-- THE PROBLEM --
Find the line containing "(intro ennreal_plus) auto" in the entries below. Restate it and each line after it, word for word, up to and including the line containing "ennreal (\<gamma> *".

(Collected data)
lemma set_nn_integral_le_amemiya_norm_conj:
  assumes psi: "orlicz psi" and E: "E \<in> sets Q" and fin: "emeasure Q E \<noteq> \<infinity>"
    and g: "g \<in> borel_measurable Q"
  shows "(\<integral>\<^sup>+x\<in>E. ennreal \<bar>g x\<bar> \<partial>Q)
    \<le> 1 / orlicz_inv psi (1 / emeasure Q E) * amemiya_norm (orlicz_conj psi) Q g"
proof -
  let ?G = "\<integral>\<^sup>+x\<in>E. ennreal \<bar>g x\<bar> \<partial>Q" and ?A = "amemiya_norm (orlicz_conj psi) Q g"
  show ?thesis
  proof (cases "emeasure Q E = 0")
    case True
    then have "E \<in> null_sets Q" using E by (simp add: null_sets_def)
    then have "?G = 0" by (rule nn_integral_null_set)
    then show ?thesis by simp
  next
    case False
    obtain q where q: "emeasure Q E = ennreal q" "0 < q"
      using False fin by (cases "emeasure Q E") auto
    have inv_q: "1 / emeasure Q E = ennreal (1 / q)"
      using q divide_ennreal[of 1 q] by simp
    have "0 < orlicz_inv psi (ennreal (1 / q))"
      using q by (intro orlicz_inv_pos[OF psi]) simp
    moreover have "orlicz_inv psi (ennreal (1 / q)) < \<infinity>"
      by (rule orlicz_inv_finite[OF psi]) simp
    ultimately obtain s where s: "orlicz_inv psi (ennreal (1 / q)) = ennreal s" "0 < s"
      by (cases "orlicz_inv psi (ennreal (1 / q))") auto
    have "ennreal s * ?G \<le> ?A"
    proof (rule ennreal_mult_le_of_forall_less[OF s(2)])
      fix l assume l: "0 < l" "l < s"
      have "psi l < ennreal (1 / q)"
        by (rule less_orlicz_invD) (use l s in \<open>auto simp: ennreal_lessI\<close>)
      hence "psi l * ennreal q \<le> ennreal (1 / q) * ennreal q"
        by (intro mult_right_mono) auto
      also have "\<dots> = 1" using q by (simp flip: ennreal_mult)
      finally show "ennreal l * ?G \<le> ?A"
        using q by (intro mult_set_nn_integral_le_amemiya_norm_conj[OF l(1) _ E g]) simp
    qed
    have "?G = (1 / ennreal s * ennreal s) * ?G"
      using s by (simp add: ennreal_divide_times)
    also have "\<dots> = 1 / ennreal s * (ennreal s * ?G)"
      by (simp only: mult.assoc)
    also have "\<dots> \<le> 1 / ennreal s * ?A"
      by (rule mult_left_mono) (fact, simp)
    finally show ?thesis
      unfolding inv_q s(1) .
  qed
qed

lemma set_nn_integral_le_plus_pos_part:
  fixes f :: "'a \<Rightarrow> real" and \<gamma> :: real
  assumes E[measurable]: "E \<in> sets Q" and fin: "emeasure Q E \<noteq> \<infinity>"
    and f[measurable]: "f \<in> borel_measurable Q" and nonneg: "\<And>x. 0 \<le> f x"
  shows "enn2ereal (\<integral>\<^sup>+x\<in>E. ennreal (f x) \<partial>Q)
    \<le> ereal (\<gamma> * measure Q E) + enn2ereal (\<integral>\<^sup>+x\<in>E. ennreal (max (f x - \<gamma>) 0) \<partial>Q)"
    (is "enn2ereal ?F \<le> _ + enn2ereal ?G")
proof -
  have eQ: "emeasure Q E = ennreal (measure Q E)"
    using fin by (simp add: emeasure_eq_ennreal_measure)
  show ?thesis
  proof (cases "0 \<le> \<gamma>")
    case True
    have "ennreal (f x) \<le> ennreal \<gamma> + ennreal (max (f x - \<gamma>) 0)" for x
    proof -
      have "ennreal (f x) \<le> ennreal (\<gamma> + max (f x - \<gamma>) 0)" by (intro ennreal_leI) simp
      also have "\<dots> = ennreal \<gamma> + ennreal (max (f x - \<gamma>) 0)" using True by (intro ennreal_plus) auto
      finally show ?thesis .
    qed
    then have "?F \<le> (\<integral>\<^sup>+x. ennreal \<gamma> * indicator E x + ennreal (max (f x - \<gamma>) 0) * indicator E x \<partial>Q)"
      by (intro nn_integral_mono) (auto split: split_indicator)
    also have "\<dots> = ennreal (\<gamma> * measure Q E) + ?G"
      using True by (simp add: nn_integral_add nn_integral_cmult_indicator eQ ennreal_mult)
    finally show ?thesis
      using True by (simp add: less_eq_ennreal.rep_eq plus_ennreal.rep_eq)
  next
    case False
    have "?G = (\<integral>\<^sup>+x. ennreal (f x) * indicator E x + ennreal (- \<gamma>) * indicator E x \<partial>Q)"
      using False nonneg by (intro nn_integral_cong) (auto split: split_indicator simp flip: ennreal_plus)
    also have "\<dots> = ?F + ennreal (- \<gamma> * measure Q E)"
      using False by (simp add: nn_integral_add nn_integral_cmult_indicator eQ flip: ennreal_mult'')
    moreover have "0 \<le> - \<gamma> * measure Q E"
      using False by (simp add: mult_nonpos_nonneg)
    ultimately have "enn2ereal ?G = enn2ereal ?F + ereal (- \<gamma> * measure Q E)"
      by (simp add: plus_ennreal.rep_eq)
    then show ?thesis by (cases "enn2ereal ?F") auto
  qed
qed

lemma (in sigma_finite_measure) emeasure_eq_set_nn_integral_RN_deriv:
  assumes N: "sigma_finite_measure N" and ac: "absolutely_continuous M N" "sets N = sets M"
    and A: "A \<in> sets M"
  shows "emeasure N A = (\<integral>\<^sup>+x\<in>A. ennreal (enn2real (RN_deriv M N x)) \<partial>M)"
proof -
  have "emeasure N A = emeasure (density M (RN_deriv M N)) A"
    using density_RN_deriv[OF ac] by simp
  also have "\<dots> = (\<integral>\<^sup>+x\<in>A. RN_deriv M N x \<partial>M)"
    using A by (intro emeasure_density) auto
  also have "\<dots> = (\<integral>\<^sup>+x\<in>A. ennreal (enn2real (RN_deriv M N x)) \<partial>M)"
    using RN_deriv_finite[OF N ac]
    by (intro nn_integral_cong_AE) (auto elim!: eventually_mono simp: ennreal_enn2real_if less_top)
  finally show ?thesis .
qed

theorem theorem2:
  fixes P Q :: "'a measure" and psi :: "real \<Rightarrow> ennreal" and E :: "'a set" and \<gamma> :: real
  assumes "prob_space P" and "prob_space Q" and "sets P = sets Q"
    and "absolutely_continuous Q P"
    and "orlicz psi"
    and "E \<in> sets Q"
  shows "ereal (measure P E) \<le>
           ereal (\<gamma> * measure Q E)
           + enn2ereal ((1 / orlicz_inv psi (1 / emeasure Q E))
               * amemiya_norm (orlicz_conj psi) Q
                   (\<lambda>x. max (enn2real (RN_deriv Q P x) - \<gamma>) 0))"
proof -
  interpret P: prob_space P by fact
  interpret Q: prob_space Q by fact
  define f where "f x = enn2real (RN_deriv Q P x)" for x
  have f[measurable]: "f \<in> borel_measurable Q" unfolding f_def by measurable
  have "emeasure P E = (\<integral>\<^sup>+x\<in>E. ennreal (f x) \<partial>Q)"
    unfolding f_def using assms P.sigma_finite_measure_axioms
    by (intro Q.emeasure_eq_set_nn_integral_RN_deriv) auto
  then have "ereal (measure P E) = enn2ereal (\<integral>\<^sup>+x\<in>E. ennreal (f x) \<partial>Q)"
    by (metis P.emeasure_eq_measure enn2ereal_ennreal measure_nonneg)
  also have "\<dots> \<le> ereal (\<gamma> * measure Q E) + enn2ereal (\<integral>\<^sup>+x\<in>E. ennreal \<bar>max (f x - \<gamma>) 0\<bar> \<partial>Q)"
    using set_nn_integral_le_plus_pos_part[OF assms(6) _ f, of \<gamma>] by (simp add: f_def)
  also have "\<dots> \<le> ereal (\<gamma> * measure Q E) + enn2ereal ((1 / orlicz_inv psi (1 / emeasure Q E))
      * amemiya_norm (orlicz_conj psi) Q (\<lambda>x. max (f x - \<gamma>) 0))"
  proof -
    have "(\<integral>\<^sup>+x\<in>E. ennreal \<bar>max (f x - \<gamma>) 0\<bar> \<partial>Q) \<le> (1 / orlicz_inv psi (1 / emeasure Q E))
        * amemiya_norm (orlicz_conj psi) Q (\<lambda>x. max (f x - \<gamma>) 0)"
      by (rule set_nn_integral_le_amemiya_norm_conj[OF assms(5,6)]) simp_all
    then show ?thesis by (intro add_left_mono) (simp add: less_eq_ennreal.rep_eq)
  qed
  finally show ?thesis unfolding f_def .
qed

end
(* Let $\rho_1,\rho_2$ be two-qubit states and let $\rho'=(I_2\otimes\Lambda^{\mathrm{tel}}_{\rho_2})(\rho_1)$ be the end-to-end state of a non-postselected entanglement swap (the second qubit of $\rho_1$ is teleported using $\rho_2$ as resource). Then $\mathcal B(\rho')=\rho'_{\mathcal B}$, where $\rho'_{\mathcal B}=\sum_k\lambda'_k|\Psi_{(k)}\rangle\langle\Psi_{(k)}|$ is the Bell-diagonal state with $\lambda_0'=\lambda_0\mu_0+\lambda_1\mu_1+\lambda_2\mu_2+\lambda_3\mu_3$, $\lambda_1'=\lambda_0\mu_1+\lambda_1\mu_0+\lambda_2\mu_3+\lambda_3\mu_2$, $\lambda_2'=\lambda_0\mu_2+\lambda_2\mu_0+\lambda_3\mu_1+\lambda_1\mu_3$, $\lambda_3'=\lambda_0\mu_3+\lambda_3\mu_0+\lambda_1\mu_2+\lambda_2\mu_1$, with $(\lambda_0,\dots,\lambda_3)$ and $(\mu_0,\dots,\mu_3)$ the Bell-diagonal elements $\langle\Psi_{(k)}|\rho_1|\Psi_{(k)}\rangle$ and $\langle\Psi_{(k)}|\rho_2|\Psi_{(k)}\rangle$.
   Context: Bell states: for qubit registers $(R,T)$, $|\Psi_{mn}\rangle_{RT}=(I_R\otimes(X^mZ^n)_T)\tfrac1{\sqrt2}(|00\rangle+|11\rangle)$; $(|\Psi_{(0)}\rangle,\dots,|\Psi_{(3)}\rangle)=(|\Psi_{00}\rangle,|\Psi_{01}\rangle,|\Psi_{10}\rangle,|\Psi_{11}\rangle)$. Bell-diagonal twirl $\mathcal B(\rho)=\tfrac14\sum_{P\in\{I,X,Y,Z\}}(P\otimes P)\rho(P\otimes P)^\dagger=\sum_k\langle\Psi_{(k)}|\rho|\Psi_{(k)}\rangle|\Psi_{(k)}\rangle\langle\Psi_{(k)}|$. Teleportation channel with resource $\rho$ on $AB$, input on $C$: $\Lambda^{\mathrm{tel}}_\rho(\sigma)=\sum_{i,j}(Z^jX^i)_B\langle\Psi_{ij}|_{CA}(\sigma_C\otimes\rho_{AB})|\Psi_{ij}\rangle_{CA}(Z^jX^i)_B^\dagger$; in $(I_2\otimes\Lambda^{\mathrm{tel}}_{\rho_2})(\rho_1)$ it acts (linearly) on the second qubit of $\rho_1$. *)

theory Defs
  imports "Jordan_Normal_Form.Matrix"
begin

text \<open>Kronecker (tensor) product; the first factor is the most significant index,
  so the two-qubit basis state |ab> has index 2a+b.\<close>
definition tensor_mat :: "complex mat \<Rightarrow> complex mat \<Rightarrow> complex mat" (infixr \<open>\<otimes>\<^sub>k\<close> 71) where
  "A \<otimes>\<^sub>k B = mat (dim_row A * dim_row B) (dim_col A * dim_col B)
     (\<lambda>(i, j). A $$ (i div dim_row B, j div dim_col B) * B $$ (i mod dim_row B, j mod dim_col B))"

-- ANSWER SPACE --
      also have "\<dots> = ennreal \<gamma> + ennreal (max (f x - \<gamma>) 0)" using True by (intro ennreal_plus) auto
      finally show ?thesis .
    qed
    then have "?F \<le> (\<integral>\<^sup>+x. ennreal \<gamma> * indicator E x + ennreal (max (f x - \<gamma>) 0) * indicator E x \<partial>Q)"
      by (intro nn_integral_mono) (auto split: split_indicator)
    also have "\<dots> = ennreal (\<gamma> * measure Q E) + ?G"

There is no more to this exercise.